━━━━━ Data extracts ━━━━━
(* Let $K\subset\mathbb{R}^n$ be a nonempty compact set, let $\mathcal{F}=\{Q_1,\dots,Q_s\}$ be a finite family of $i$-dimensional linear subspaces of $\mathbb{R}^n$, where $1\le i\le n-1$, and let $\{H_m\}_{m\in\mathbb{N}}$ be a sequence of elements of $\mathcal{F}$. Then the sequence \[K_m:=M_{H_m}\cdots M_{H_1}K\] converges in the Hausdorff metric to a compact convex set $L$, which is also the Hausdorff limit of $M_{H_m}\cdots M_{H_1}\mathrm{conv}(K)$. Moreover, $L$ is symmetric with respect to every $Q_j\in\mathcal{F}$ appearing infinitely often in $\{H_m\}$ (i.e. $R_{Q_j}L=L$).
   Context: For a linear subspace $H$, $R_Hx=2(x|H)-x$ is the reflection with respect to $H$ ($x|H$ the orthogonal projection). The Minkowski symmetrization is $M_HC:=\frac12(C+R_HC)$, with $X+Y=\{x+y:x\in X,y\in Y\}$ and $tX=\{tx:x\in X\}$. $\mathrm{conv}$ denotes convex hull. *)

theory Defs
  imports "HOL-Analysis.Analysis"
begin

definition orth_proj :: "'a::euclidean_space set \<Rightarrow> 'a \<Rightarrow> 'a" where
  "orth_proj H x = (THE y. y \<in> H \<and> (\<forall>h\<in>H. (x - y) \<bullet> h = 0))"

definition refl_sub :: "'a::euclidean_space set \<Rightarrow> 'a \<Rightarrow> 'a" where
  "refl_sub H x = 2 *\<^sub>R orth_proj H x - x"

definition msum :: "'a::real_vector set \<Rightarrow> 'a set \<Rightarrow> 'a set" where
  "msum X Y = {x + y | x y. x \<in> X \<and> y \<in> Y}"

definition minkowski_sym :: "'a::euclidean_space set \<Rightarrow> 'a set \<Rightarrow> 'a set" where
  "minkowski_sym H C = (\<lambda>z. (1/2::real) *\<^sub>R z) ` msum C (refl_sub H ` C)"

primrec sym_iter :: "(nat \<Rightarrow> 'a::euclidean_space set) \<Rightarrow> nat \<Rightarrow> 'a set \<Rightarrow> 'a set" where
  "sym_iter H 0 C = C"
| "sym_iter H (Suc m) C = minkowski_sym (H m) (sym_iter H m C)"

text \<open>Hausdorff distance (meaningful for nonempty bounded sets).\<close>
definition hausdorff_dist :: "'a::metric_space set \<Rightarrow> 'a set \<Rightarrow> real" where
  "hausdorff_dist S T = max (SUP x\<in>S. setdist {x} T) (SUP y\<in>T. setdist {y} S)"

end

theory Submission
  imports Defs
begin

text \<open>Minkowski symmetrization acts linearly on support functions,
  h(M_Q C, u) = (h(C, u) + h(C, R_Q u)) / 2, so the energy of C, the integral of h(C, u)^2 over the
  unit ball, drops by one quarter of the integral of (h(C, u) - h(C, R_Q u))^2: strictly unless C is
  symmetric with respect to Q. The iterates of a convex body stay in a fixed ball, so by Blaschke
  selection a subsequence converges to some L; comparing energies shows that L is symmetric for every
  subspace used infinitely often. As M_Q is 1-Lipschitz for the Hausdorff distance and fixes
  Q-symmetric convex sets, the distance of the iterates to L is eventually nonincreasing, so the
  whole sequence converges. For a general K, every point of the m-th iterate of conv K is the mean
  of a distribution on the m-th iterate of K with variance at most 4 R^2 / 2^m, so both sequences
  have the same limit.\<close>

section \<open>Orthogonal projection and reflection\<close>

lemma orth_proj_ex1:
  fixes Q :: "'a::euclidean_space set"
  assumes "subspace Q"
  shows "\<exists>!y. y \<in> Q \<and> (\<forall>h\<in>Q. (x - y) \<bullet> h = 0)"
proof -
  obtain y z where y: "y \<in> span Q" and z: "\<And>w. w \<in> span Q \<Longrightarrow> orthogonal z w"
    and xyz: "x = y + z"
    using orthogonal_subspace_decomp_exists[of Q x] by metis
  have yQ: "y \<in> Q" using y assms by (metis span_eq_iff)
  have orth: "(x - y) \<bullet> h = 0" if "h \<in> Q" for h
    using z xyz that by (auto simp: orthogonal_def span_base)
  have "y' = y" if "y' \<in> Q" "\<forall>h\<in>Q. (x - y') \<bullet> h = 0" for y'
  proof -
    have "y - y' \<in> Q" using yQ that(1) assms by (simp add: subspace_diff)
    then have "(x - y') \<bullet> (y - y') = 0" "(x - y) \<bullet> (y - y') = 0"
      using that orth by auto
    then have "(y - y') \<bullet> (y - y') = 0" by (simp add: inner_diff_left)
    then show ?thesis by simp
  qed
  with yQ orth show ?thesis by blast
qed

lemma orth_proj_in: "subspace Q \<Longrightarrow> orth_proj Q x \<in> Q"
  unfolding orth_proj_def using theI'[OF orth_proj_ex1] by blast

lemma orth_proj_orthogonal: "subspace Q \<Longrightarrow> h \<in> Q \<Longrightarrow> (x - orth_proj Q x) \<bullet> h = 0"
  unfolding orth_proj_def using theI'[OF orth_proj_ex1] by blast

lemma orth_proj_eqI:
  "subspace Q \<Longrightarrow> y \<in> Q \<Longrightarrow> (\<And>h. h \<in> Q \<Longrightarrow> (x - y) \<bullet> h = 0) \<Longrightarrow> orth_proj Q x = y"
  unfolding orth_proj_def using the1_equality[OF orth_proj_ex1] by blast

lemma linear_orth_proj:
  assumes Q: "subspace Q"
  shows "linear (orth_proj Q)"
proof
  fix x y
  show "orth_proj Q (x + y) = orth_proj Q x + orth_proj Q y"
    using orth_proj_orthogonal[OF Q, of _ x] orth_proj_orthogonal[OF Q, of _ y]
    by (intro orth_proj_eqI[OF Q] subspace_add[OF Q] orth_proj_in[OF Q])
      (simp add: algebra_simps inner_diff_left inner_add_left)
next
  fix c :: real and x
  show "orth_proj Q (c *\<^sub>R x) = c *\<^sub>R orth_proj Q x"
    using orth_proj_orthogonal[OF Q, of _ x]
    by (intro orth_proj_eqI[OF Q] subspace_scale[OF Q] orth_proj_in[OF Q])
      (simp flip: scaleR_diff_right)
qed

lemma orth_proj_inner_commute:
  assumes Q: "subspace Q"
  shows "orth_proj Q x \<bullet> y = x \<bullet> orth_proj Q y"
proof -
  have "(y - orth_proj Q y) \<bullet> orth_proj Q x = 0" "(x - orth_proj Q x) \<bullet> orth_proj Q y = 0"
    by (simp_all add: orth_proj_orthogonal[OF Q] orth_proj_in[OF Q])
  then show ?thesis by (simp add: inner_diff_left inner_diff_right inner_commute)
qed

lemma orth_proj_idem: "subspace Q \<Longrightarrow> orth_proj Q (orth_proj Q x) = orth_proj Q x"
  by (rule orth_proj_eqI) (auto simp: orth_proj_in)

lemma linear_refl_sub: "subspace Q \<Longrightarrow> linear (refl_sub Q)"
  using linear_orth_proj[of Q] unfolding refl_sub_def
  by (intro linearI) (simp_all add: linear_add linear_scale algebra_simps)

lemma refl_sub_inner_commute: "subspace Q \<Longrightarrow> refl_sub Q x \<bullet> y = x \<bullet> refl_sub Q y"
  unfolding refl_sub_def by (simp add: inner_diff_left inner_diff_right orth_proj_inner_commute)

lemma refl_sub_refl_sub [simp]:
  assumes Q: "subspace Q"
  shows "refl_sub Q (refl_sub Q x) = x"
  using linear_orth_proj[OF Q] unfolding refl_sub_def
  by (simp add: linear_diff linear_scale orth_proj_idem[OF Q] algebra_simps flip: scaleR_add_left)

lemma norm_refl_sub [simp]: "subspace Q \<Longrightarrow> norm (refl_sub Q x) = norm x"
  using refl_sub_inner_commute[of Q x "refl_sub Q x"] by (simp add: norm_eq_sqrt_inner)

lemma dist_refl_sub [simp]: "subspace Q \<Longrightarrow> dist (refl_sub Q x) (refl_sub Q y) = dist x y"
  using linear_refl_sub[of Q] by (simp add: dist_norm flip: linear_diff)

lemma orthogonal_transformation_refl_sub: "subspace Q \<Longrightarrow> orthogonal_transformation (refl_sub Q)"
  by (simp add: orthogonal_transformation linear_refl_sub)

lemma refl_sub_image_subset_iff:
  "subspace Q \<Longrightarrow> refl_sub Q ` C \<subseteq> C \<longleftrightarrow> refl_sub Q ` C = C"
proof
  assume Q: "subspace Q" and sub: "refl_sub Q ` C \<subseteq> C"
  have "x \<in> refl_sub Q ` C" if "x \<in> C" for x
    using sub that refl_sub_refl_sub[OF Q, of x] by (metis image_eqI image_subset_iff)
  with sub show "refl_sub Q ` C = C" by blast
qed auto

section \<open>Hausdorff distance\<close>

lemma bdd_above_setdist_image:
  fixes S T :: "'a::metric_space set"
  assumes "bounded S" "T \<noteq> {}"
  shows "bdd_above ((\<lambda>x. setdist {x} T) ` S)"
proof -
  obtain t where t: "t \<in> T" using assms by auto
  obtain e where e: "\<And>x. x \<in> S \<Longrightarrow> dist t x \<le> e"
    using assms(1) bounded_any_center[of S t] by blast
  have "setdist {x} T \<le> e" if "x \<in> S" for x
    using setdist_le_dist[of x "{x}" t T] t e[OF that] by (simp add: dist_commute)
  then show ?thesis by (intro bdd_aboveI2)
qed

lemma hausdorff_dist_commute: "hausdorff_dist S T = hausdorff_dist T S"
  unfolding hausdorff_dist_def by simp

lemma hausdorff_dist_le_iff:
  fixes S T :: "'a::metric_space set"
  assumes "bounded S" "bounded T" "S \<noteq> {}" "T \<noteq> {}"
  shows "hausdorff_dist S T \<le> e \<longleftrightarrow>
    (\<forall>x\<in>S. setdist {x} T \<le> e) \<and> (\<forall>y\<in>T. setdist {y} S \<le> e)"
  unfolding hausdorff_dist_def
  using cSUP_le_iff[OF assms(3) bdd_above_setdist_image[OF assms(1,4)]]
    cSUP_le_iff[OF assms(4) bdd_above_setdist_image[OF assms(2,3)]]
  by simp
━━━━━
§ **Goal of the exercise**: Please copy every line of the data that carries the string "sets".

§ **Written answer**:
text \<open>Hausdorff distance (meaningful for nonempty bounded sets).\<close>
  Q-symmetric convex sets, the distance of the iterates to L is eventually nonincreasing, so the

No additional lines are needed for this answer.